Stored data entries
● ● ●

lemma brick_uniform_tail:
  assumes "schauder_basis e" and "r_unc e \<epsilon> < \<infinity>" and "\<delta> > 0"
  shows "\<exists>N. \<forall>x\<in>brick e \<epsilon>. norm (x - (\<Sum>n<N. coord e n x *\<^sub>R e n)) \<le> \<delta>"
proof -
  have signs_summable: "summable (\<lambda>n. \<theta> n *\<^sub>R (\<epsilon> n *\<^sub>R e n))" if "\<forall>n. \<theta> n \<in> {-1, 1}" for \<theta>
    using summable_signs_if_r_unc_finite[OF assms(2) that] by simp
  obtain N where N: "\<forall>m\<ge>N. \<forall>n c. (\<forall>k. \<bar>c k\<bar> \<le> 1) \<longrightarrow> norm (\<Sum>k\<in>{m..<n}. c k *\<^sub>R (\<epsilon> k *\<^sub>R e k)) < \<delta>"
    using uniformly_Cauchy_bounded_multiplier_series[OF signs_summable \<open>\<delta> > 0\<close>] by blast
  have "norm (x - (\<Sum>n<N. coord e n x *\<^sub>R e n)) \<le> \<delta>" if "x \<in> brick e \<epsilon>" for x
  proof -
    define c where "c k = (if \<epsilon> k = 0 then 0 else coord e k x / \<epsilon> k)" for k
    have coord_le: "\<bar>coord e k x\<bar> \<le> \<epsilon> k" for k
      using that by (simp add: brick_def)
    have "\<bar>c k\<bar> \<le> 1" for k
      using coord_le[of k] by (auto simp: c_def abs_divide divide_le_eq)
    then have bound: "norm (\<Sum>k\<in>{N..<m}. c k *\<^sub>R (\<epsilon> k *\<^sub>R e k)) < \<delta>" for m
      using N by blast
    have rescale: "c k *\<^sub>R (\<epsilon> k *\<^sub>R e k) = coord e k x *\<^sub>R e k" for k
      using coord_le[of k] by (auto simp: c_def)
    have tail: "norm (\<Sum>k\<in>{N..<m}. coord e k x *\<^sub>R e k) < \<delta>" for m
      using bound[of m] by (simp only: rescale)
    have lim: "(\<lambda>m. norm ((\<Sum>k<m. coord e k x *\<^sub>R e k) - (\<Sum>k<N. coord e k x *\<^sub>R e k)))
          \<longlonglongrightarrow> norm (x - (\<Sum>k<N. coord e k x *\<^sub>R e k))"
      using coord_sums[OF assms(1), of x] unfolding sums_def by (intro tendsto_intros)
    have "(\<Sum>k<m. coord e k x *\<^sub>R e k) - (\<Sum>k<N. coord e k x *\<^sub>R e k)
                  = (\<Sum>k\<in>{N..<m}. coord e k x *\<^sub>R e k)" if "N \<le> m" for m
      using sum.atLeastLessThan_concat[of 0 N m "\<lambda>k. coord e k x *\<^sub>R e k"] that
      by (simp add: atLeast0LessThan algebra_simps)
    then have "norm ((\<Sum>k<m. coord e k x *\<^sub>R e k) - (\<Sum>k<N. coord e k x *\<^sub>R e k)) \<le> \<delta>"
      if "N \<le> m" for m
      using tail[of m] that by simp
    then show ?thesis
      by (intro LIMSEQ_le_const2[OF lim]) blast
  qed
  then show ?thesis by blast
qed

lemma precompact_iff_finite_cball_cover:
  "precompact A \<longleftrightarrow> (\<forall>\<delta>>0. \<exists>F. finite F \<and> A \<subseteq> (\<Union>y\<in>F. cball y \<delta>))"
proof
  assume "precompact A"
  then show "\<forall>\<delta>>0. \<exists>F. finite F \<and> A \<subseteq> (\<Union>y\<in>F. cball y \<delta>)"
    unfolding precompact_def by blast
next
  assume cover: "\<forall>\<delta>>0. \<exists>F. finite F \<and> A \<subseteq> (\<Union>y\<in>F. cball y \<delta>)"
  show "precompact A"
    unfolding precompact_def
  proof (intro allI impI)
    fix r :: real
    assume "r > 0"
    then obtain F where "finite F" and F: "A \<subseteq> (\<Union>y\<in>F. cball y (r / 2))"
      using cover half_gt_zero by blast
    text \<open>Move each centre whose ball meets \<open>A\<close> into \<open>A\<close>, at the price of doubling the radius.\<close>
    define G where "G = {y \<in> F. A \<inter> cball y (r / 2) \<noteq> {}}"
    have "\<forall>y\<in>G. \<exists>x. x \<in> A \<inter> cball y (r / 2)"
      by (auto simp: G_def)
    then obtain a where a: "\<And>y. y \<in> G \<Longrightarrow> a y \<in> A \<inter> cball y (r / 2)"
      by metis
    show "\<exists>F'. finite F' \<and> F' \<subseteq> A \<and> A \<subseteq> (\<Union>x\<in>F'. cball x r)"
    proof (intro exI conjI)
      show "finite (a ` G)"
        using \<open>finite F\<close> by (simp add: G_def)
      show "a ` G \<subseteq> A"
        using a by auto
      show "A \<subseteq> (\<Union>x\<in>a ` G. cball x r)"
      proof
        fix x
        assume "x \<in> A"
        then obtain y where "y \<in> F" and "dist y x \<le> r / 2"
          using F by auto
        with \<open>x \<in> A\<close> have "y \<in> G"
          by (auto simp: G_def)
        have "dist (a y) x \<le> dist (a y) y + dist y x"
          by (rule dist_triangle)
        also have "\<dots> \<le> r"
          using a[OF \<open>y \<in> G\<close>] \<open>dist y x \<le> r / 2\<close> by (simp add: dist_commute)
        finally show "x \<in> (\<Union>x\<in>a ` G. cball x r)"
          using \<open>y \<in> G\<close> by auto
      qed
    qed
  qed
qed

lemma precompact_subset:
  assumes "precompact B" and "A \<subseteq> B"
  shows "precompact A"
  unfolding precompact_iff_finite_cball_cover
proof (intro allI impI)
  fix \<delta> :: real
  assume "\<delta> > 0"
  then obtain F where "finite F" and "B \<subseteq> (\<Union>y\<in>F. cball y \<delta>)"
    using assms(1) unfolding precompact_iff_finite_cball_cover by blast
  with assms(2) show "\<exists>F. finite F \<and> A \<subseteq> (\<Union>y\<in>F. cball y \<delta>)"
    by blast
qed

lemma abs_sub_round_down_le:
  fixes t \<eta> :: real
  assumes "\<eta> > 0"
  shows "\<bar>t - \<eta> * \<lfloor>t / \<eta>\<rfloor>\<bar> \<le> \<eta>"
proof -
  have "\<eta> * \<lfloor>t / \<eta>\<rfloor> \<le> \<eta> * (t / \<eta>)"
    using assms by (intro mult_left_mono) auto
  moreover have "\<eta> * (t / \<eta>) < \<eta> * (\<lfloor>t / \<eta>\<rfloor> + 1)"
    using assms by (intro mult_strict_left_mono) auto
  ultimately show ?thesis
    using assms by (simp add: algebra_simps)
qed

● ● ●

# Description of the task:
If a line in the records above holds the string "impI", copy it.

# Response box:
  proof (intro allI impI)
proof (intro allI impI)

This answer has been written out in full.